TASK. For the entries below, count the lines that contain the word "itself" and reply with that number only.

ENTRIES PROVIDED.
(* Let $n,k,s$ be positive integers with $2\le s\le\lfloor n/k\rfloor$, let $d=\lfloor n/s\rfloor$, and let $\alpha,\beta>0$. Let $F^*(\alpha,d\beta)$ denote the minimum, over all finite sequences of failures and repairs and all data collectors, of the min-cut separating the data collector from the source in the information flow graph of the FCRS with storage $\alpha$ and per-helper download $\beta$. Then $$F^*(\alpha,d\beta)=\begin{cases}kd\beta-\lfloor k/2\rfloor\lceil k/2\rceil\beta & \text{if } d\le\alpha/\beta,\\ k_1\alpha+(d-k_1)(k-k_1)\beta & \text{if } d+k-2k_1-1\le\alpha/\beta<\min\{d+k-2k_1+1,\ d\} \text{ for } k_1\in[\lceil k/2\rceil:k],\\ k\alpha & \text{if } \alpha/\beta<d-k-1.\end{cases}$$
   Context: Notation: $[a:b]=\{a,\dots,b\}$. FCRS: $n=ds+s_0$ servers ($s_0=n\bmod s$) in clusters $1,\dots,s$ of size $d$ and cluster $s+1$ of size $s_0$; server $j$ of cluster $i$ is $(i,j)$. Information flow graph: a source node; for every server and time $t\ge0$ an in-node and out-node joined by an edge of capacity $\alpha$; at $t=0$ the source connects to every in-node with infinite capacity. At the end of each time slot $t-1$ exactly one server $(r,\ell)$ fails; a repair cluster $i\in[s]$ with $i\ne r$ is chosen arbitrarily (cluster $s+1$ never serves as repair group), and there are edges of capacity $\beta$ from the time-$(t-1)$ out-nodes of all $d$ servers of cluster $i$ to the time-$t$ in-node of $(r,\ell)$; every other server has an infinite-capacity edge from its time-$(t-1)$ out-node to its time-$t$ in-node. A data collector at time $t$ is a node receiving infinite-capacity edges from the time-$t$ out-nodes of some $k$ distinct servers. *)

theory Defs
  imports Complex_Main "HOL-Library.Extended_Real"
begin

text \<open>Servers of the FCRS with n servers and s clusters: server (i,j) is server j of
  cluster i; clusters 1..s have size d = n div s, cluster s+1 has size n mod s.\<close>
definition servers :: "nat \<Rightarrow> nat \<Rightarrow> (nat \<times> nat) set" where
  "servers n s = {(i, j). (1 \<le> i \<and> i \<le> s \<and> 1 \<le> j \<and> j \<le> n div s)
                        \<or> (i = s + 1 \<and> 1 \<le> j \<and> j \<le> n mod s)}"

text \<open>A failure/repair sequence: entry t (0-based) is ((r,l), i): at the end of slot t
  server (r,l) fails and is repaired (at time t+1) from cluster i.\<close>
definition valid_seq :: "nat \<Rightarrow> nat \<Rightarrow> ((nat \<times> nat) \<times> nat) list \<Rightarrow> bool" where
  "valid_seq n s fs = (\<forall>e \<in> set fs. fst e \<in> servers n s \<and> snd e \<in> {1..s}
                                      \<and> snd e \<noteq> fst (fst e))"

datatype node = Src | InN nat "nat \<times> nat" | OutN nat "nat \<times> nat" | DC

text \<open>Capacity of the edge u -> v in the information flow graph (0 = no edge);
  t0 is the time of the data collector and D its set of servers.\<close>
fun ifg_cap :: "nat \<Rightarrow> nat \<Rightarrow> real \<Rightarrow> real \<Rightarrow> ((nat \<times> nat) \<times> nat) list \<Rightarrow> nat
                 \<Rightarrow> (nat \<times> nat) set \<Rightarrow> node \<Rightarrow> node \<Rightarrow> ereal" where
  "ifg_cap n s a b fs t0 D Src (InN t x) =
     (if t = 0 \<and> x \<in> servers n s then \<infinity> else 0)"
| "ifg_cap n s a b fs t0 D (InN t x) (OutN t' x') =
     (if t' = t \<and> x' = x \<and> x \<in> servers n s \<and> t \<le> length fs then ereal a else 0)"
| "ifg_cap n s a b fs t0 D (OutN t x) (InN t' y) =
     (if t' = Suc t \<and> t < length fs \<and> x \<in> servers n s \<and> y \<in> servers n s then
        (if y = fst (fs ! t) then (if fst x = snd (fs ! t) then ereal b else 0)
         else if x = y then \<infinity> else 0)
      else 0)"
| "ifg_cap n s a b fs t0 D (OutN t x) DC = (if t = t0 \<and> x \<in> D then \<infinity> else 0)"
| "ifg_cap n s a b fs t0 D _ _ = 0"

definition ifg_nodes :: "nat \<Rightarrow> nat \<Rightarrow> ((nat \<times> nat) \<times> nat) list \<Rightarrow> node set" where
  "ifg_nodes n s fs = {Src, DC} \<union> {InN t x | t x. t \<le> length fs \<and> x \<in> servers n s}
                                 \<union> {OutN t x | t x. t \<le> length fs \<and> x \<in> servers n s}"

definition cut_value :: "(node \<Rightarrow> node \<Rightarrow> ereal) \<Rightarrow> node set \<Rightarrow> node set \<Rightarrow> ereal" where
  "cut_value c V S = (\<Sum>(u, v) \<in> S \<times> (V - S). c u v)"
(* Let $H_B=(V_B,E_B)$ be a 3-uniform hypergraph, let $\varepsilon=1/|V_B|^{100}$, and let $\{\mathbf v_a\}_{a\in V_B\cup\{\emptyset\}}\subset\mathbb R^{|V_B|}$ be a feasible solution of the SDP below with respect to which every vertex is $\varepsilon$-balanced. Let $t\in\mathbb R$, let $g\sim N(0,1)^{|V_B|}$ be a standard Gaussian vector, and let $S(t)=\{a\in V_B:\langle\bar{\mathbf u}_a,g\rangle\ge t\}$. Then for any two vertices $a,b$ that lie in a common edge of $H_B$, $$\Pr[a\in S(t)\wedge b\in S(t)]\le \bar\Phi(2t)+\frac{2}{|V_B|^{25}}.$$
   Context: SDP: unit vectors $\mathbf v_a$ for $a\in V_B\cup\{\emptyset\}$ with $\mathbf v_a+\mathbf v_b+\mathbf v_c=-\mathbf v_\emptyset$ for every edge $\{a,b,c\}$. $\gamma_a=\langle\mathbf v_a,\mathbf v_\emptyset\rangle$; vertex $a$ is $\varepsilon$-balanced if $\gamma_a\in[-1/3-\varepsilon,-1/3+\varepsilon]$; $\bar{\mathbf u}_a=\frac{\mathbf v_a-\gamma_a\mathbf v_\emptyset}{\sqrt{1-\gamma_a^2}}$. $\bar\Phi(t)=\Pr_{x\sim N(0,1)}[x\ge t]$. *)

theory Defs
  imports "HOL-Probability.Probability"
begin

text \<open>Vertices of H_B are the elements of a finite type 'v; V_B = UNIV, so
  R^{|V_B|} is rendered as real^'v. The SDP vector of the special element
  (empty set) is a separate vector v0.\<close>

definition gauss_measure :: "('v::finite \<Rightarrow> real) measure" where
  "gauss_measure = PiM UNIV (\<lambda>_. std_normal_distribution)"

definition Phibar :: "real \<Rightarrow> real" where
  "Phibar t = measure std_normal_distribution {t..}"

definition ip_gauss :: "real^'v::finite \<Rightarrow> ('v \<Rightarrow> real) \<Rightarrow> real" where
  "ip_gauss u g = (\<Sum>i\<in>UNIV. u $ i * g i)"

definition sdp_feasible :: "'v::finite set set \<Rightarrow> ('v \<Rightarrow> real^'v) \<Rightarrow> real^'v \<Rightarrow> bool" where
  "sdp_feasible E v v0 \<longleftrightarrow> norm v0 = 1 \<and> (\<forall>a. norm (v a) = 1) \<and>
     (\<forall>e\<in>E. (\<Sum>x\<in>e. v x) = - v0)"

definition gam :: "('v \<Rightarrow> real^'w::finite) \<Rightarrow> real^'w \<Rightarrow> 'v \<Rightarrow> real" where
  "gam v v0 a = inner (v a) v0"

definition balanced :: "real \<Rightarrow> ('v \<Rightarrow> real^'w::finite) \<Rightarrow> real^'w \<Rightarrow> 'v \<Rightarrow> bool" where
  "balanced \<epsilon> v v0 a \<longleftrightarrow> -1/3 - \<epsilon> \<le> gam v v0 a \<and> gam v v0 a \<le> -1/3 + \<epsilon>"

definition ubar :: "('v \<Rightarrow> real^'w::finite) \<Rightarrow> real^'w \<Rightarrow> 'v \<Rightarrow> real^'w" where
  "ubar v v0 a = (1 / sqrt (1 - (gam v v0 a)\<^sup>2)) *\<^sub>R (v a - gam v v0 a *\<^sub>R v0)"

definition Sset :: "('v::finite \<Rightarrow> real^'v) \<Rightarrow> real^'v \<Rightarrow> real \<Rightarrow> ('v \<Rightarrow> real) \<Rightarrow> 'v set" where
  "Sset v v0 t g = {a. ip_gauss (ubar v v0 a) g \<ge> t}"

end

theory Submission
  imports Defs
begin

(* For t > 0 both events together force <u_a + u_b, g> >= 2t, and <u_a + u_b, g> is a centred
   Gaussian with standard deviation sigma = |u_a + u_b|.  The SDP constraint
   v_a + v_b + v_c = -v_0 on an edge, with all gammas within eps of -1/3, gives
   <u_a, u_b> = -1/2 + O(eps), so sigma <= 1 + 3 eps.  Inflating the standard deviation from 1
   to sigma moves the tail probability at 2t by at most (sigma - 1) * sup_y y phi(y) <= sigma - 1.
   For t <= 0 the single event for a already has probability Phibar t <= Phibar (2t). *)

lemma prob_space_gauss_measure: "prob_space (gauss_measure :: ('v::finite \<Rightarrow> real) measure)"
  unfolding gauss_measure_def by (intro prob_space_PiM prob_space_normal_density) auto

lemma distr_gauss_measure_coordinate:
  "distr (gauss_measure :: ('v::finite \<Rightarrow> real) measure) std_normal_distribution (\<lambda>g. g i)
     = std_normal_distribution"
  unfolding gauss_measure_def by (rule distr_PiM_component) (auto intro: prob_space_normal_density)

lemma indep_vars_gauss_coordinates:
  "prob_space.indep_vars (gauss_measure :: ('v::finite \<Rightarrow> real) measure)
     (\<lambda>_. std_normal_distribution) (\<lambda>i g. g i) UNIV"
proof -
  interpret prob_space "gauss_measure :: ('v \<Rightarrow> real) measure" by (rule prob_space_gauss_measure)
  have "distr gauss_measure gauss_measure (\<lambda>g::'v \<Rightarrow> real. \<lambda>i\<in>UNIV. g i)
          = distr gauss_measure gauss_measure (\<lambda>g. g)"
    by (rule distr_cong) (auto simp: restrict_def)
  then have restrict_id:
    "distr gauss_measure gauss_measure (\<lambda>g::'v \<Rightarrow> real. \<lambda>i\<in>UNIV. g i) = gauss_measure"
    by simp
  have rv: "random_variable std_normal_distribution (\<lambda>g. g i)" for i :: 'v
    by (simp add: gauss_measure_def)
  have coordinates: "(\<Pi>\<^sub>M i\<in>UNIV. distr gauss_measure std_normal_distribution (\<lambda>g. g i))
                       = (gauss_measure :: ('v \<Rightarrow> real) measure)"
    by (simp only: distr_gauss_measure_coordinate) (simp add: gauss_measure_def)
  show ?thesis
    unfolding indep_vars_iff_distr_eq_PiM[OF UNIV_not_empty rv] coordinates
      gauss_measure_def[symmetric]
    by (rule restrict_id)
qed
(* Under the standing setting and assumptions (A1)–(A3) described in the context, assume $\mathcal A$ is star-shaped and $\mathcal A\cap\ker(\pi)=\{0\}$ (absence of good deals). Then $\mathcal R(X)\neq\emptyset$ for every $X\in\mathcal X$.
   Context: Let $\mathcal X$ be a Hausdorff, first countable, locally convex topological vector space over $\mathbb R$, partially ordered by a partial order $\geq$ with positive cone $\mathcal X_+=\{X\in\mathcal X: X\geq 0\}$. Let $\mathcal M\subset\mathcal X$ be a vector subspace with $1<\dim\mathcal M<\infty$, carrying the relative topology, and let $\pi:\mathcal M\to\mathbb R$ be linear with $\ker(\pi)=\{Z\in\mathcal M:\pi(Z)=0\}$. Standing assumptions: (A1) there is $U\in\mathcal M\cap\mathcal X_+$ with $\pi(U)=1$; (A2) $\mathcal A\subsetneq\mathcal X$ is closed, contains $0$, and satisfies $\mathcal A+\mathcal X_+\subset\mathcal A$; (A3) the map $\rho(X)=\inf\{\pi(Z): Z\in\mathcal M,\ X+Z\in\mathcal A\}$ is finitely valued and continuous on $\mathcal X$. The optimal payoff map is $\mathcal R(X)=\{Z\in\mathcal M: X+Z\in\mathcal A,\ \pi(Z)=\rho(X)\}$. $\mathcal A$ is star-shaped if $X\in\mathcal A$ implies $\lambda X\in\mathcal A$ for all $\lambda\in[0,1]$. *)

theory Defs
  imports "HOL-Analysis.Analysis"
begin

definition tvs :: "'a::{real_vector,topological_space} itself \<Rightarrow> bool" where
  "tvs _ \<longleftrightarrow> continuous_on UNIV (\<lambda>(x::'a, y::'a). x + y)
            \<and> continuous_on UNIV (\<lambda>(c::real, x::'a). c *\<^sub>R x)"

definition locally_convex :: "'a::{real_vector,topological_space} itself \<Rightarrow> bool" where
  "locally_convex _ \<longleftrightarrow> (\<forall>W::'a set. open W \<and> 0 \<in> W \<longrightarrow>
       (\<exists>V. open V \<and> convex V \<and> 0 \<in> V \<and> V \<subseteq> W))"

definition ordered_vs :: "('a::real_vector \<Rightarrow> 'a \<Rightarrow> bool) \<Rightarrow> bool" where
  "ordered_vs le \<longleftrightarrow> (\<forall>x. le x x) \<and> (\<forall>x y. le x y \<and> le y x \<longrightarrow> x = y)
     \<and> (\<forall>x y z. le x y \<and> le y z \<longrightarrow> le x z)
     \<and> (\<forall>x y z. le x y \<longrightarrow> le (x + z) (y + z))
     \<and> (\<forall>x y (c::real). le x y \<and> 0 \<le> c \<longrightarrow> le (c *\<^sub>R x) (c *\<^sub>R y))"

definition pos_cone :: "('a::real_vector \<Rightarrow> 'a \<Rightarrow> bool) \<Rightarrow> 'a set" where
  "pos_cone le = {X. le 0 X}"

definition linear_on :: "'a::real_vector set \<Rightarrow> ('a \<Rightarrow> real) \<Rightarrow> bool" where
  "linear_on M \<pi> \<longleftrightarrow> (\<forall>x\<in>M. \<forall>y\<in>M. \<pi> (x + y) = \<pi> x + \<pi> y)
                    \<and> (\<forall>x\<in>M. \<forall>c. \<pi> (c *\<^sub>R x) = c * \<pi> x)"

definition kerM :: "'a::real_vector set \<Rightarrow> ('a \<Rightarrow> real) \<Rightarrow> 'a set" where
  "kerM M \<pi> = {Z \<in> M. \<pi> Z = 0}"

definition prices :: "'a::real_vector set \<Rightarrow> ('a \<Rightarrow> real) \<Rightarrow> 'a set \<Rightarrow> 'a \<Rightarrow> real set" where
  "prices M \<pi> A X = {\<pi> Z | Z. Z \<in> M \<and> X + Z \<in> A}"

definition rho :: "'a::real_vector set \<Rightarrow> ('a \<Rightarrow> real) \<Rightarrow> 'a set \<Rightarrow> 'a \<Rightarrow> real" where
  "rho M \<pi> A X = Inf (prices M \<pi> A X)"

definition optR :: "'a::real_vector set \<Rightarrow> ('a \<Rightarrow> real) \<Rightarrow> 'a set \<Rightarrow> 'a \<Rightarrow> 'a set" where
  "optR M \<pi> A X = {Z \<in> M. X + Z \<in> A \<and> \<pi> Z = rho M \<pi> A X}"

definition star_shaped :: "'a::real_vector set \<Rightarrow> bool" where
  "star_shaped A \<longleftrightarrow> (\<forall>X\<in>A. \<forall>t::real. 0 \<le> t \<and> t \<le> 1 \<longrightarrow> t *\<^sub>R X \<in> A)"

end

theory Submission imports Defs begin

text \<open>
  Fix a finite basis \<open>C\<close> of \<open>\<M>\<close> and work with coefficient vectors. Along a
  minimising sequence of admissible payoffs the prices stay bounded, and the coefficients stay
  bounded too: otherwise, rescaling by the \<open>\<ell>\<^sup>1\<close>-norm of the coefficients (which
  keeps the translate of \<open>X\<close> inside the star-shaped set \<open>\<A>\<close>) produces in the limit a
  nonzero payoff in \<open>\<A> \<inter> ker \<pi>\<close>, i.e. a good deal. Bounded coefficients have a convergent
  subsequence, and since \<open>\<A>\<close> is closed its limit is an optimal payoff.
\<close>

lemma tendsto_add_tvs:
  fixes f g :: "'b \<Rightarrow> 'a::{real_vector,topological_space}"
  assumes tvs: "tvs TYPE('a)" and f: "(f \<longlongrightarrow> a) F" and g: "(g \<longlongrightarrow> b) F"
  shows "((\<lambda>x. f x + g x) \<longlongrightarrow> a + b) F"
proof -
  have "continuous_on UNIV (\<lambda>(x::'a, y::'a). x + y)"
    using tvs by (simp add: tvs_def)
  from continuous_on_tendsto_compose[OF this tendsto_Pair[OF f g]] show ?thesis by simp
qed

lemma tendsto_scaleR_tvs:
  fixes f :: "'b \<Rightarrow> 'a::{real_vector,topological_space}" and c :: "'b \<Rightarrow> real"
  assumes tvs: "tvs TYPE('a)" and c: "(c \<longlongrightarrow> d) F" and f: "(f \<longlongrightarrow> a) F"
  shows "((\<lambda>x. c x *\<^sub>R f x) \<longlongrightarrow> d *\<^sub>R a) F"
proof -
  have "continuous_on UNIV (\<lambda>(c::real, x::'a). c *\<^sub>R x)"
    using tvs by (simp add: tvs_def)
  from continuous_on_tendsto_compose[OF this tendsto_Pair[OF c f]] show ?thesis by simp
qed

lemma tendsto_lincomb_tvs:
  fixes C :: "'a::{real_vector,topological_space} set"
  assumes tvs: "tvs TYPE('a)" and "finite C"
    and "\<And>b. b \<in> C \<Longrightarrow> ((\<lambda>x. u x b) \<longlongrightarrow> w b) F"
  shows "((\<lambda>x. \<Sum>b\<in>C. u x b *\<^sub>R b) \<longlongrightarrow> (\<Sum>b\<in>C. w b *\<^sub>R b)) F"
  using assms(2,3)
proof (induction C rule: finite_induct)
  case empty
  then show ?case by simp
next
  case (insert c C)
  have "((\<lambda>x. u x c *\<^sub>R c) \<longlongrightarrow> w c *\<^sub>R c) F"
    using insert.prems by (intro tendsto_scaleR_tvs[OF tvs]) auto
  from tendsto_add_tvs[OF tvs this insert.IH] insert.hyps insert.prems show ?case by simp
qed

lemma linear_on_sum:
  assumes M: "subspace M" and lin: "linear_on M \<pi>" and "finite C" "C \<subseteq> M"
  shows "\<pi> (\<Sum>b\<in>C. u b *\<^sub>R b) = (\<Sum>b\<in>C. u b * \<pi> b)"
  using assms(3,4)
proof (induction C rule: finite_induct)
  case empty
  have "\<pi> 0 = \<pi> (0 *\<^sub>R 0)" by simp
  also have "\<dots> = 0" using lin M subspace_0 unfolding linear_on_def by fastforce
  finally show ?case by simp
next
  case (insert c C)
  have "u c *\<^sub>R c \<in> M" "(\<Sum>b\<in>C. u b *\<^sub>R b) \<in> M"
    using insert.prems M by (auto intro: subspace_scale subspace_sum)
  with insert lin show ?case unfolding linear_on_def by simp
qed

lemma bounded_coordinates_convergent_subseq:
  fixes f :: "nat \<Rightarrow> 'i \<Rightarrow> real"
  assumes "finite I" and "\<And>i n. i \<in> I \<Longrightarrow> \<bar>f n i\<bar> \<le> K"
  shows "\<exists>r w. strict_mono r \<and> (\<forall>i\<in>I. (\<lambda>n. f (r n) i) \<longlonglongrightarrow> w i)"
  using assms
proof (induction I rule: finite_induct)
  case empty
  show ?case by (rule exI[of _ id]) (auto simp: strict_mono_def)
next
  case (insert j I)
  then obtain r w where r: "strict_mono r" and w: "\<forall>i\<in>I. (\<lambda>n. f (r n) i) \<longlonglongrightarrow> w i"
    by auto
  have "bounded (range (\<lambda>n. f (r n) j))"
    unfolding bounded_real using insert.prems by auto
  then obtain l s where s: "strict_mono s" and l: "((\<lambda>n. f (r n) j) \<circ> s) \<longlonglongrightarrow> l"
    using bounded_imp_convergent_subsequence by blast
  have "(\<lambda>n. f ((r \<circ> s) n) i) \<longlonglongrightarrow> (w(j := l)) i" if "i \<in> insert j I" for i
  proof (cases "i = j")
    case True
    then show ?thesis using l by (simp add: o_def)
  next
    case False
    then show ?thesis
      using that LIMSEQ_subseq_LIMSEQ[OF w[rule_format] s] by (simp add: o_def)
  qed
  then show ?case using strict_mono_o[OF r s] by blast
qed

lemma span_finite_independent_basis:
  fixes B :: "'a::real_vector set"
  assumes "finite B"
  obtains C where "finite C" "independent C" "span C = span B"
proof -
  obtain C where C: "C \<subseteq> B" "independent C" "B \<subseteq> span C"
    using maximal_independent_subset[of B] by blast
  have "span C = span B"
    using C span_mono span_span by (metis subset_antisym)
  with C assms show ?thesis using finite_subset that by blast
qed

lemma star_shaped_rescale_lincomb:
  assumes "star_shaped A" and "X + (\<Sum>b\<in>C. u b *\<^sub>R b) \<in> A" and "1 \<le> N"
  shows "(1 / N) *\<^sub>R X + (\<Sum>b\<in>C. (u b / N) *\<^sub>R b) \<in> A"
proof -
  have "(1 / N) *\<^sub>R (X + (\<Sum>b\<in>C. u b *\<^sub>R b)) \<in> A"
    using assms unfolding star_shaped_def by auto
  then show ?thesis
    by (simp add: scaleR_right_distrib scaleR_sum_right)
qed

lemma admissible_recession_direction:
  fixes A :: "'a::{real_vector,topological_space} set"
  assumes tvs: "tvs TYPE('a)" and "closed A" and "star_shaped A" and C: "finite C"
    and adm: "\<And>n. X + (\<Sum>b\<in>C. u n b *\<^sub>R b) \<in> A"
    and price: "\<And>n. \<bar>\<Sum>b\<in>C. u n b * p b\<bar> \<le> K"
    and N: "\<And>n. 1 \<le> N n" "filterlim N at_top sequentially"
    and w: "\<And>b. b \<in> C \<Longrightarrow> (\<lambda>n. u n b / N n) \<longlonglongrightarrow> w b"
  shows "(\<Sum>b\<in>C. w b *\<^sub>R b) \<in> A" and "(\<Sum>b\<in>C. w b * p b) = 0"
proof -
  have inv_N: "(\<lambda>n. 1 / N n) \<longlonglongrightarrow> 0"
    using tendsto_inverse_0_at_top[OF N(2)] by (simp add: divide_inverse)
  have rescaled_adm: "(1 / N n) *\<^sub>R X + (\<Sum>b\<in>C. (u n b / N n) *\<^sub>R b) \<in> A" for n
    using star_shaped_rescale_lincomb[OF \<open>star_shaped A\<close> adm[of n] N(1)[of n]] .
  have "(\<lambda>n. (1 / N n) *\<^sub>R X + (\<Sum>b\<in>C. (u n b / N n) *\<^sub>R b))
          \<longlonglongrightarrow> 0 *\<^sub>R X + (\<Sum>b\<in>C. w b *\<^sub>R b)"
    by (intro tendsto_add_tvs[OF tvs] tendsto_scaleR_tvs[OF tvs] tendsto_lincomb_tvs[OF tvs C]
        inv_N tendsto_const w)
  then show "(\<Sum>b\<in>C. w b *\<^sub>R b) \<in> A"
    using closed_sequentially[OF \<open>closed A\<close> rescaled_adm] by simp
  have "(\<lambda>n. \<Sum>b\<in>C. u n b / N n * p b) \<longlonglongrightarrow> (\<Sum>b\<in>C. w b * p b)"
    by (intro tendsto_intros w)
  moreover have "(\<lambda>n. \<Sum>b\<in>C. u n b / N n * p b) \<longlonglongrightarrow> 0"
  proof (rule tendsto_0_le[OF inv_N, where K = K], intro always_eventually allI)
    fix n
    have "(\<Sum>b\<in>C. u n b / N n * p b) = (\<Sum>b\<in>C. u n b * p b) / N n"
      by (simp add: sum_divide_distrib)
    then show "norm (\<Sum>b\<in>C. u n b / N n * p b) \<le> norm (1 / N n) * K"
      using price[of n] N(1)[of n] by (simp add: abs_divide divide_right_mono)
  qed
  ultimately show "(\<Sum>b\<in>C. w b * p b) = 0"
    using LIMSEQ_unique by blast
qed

COMPLETED EXERCISE. 2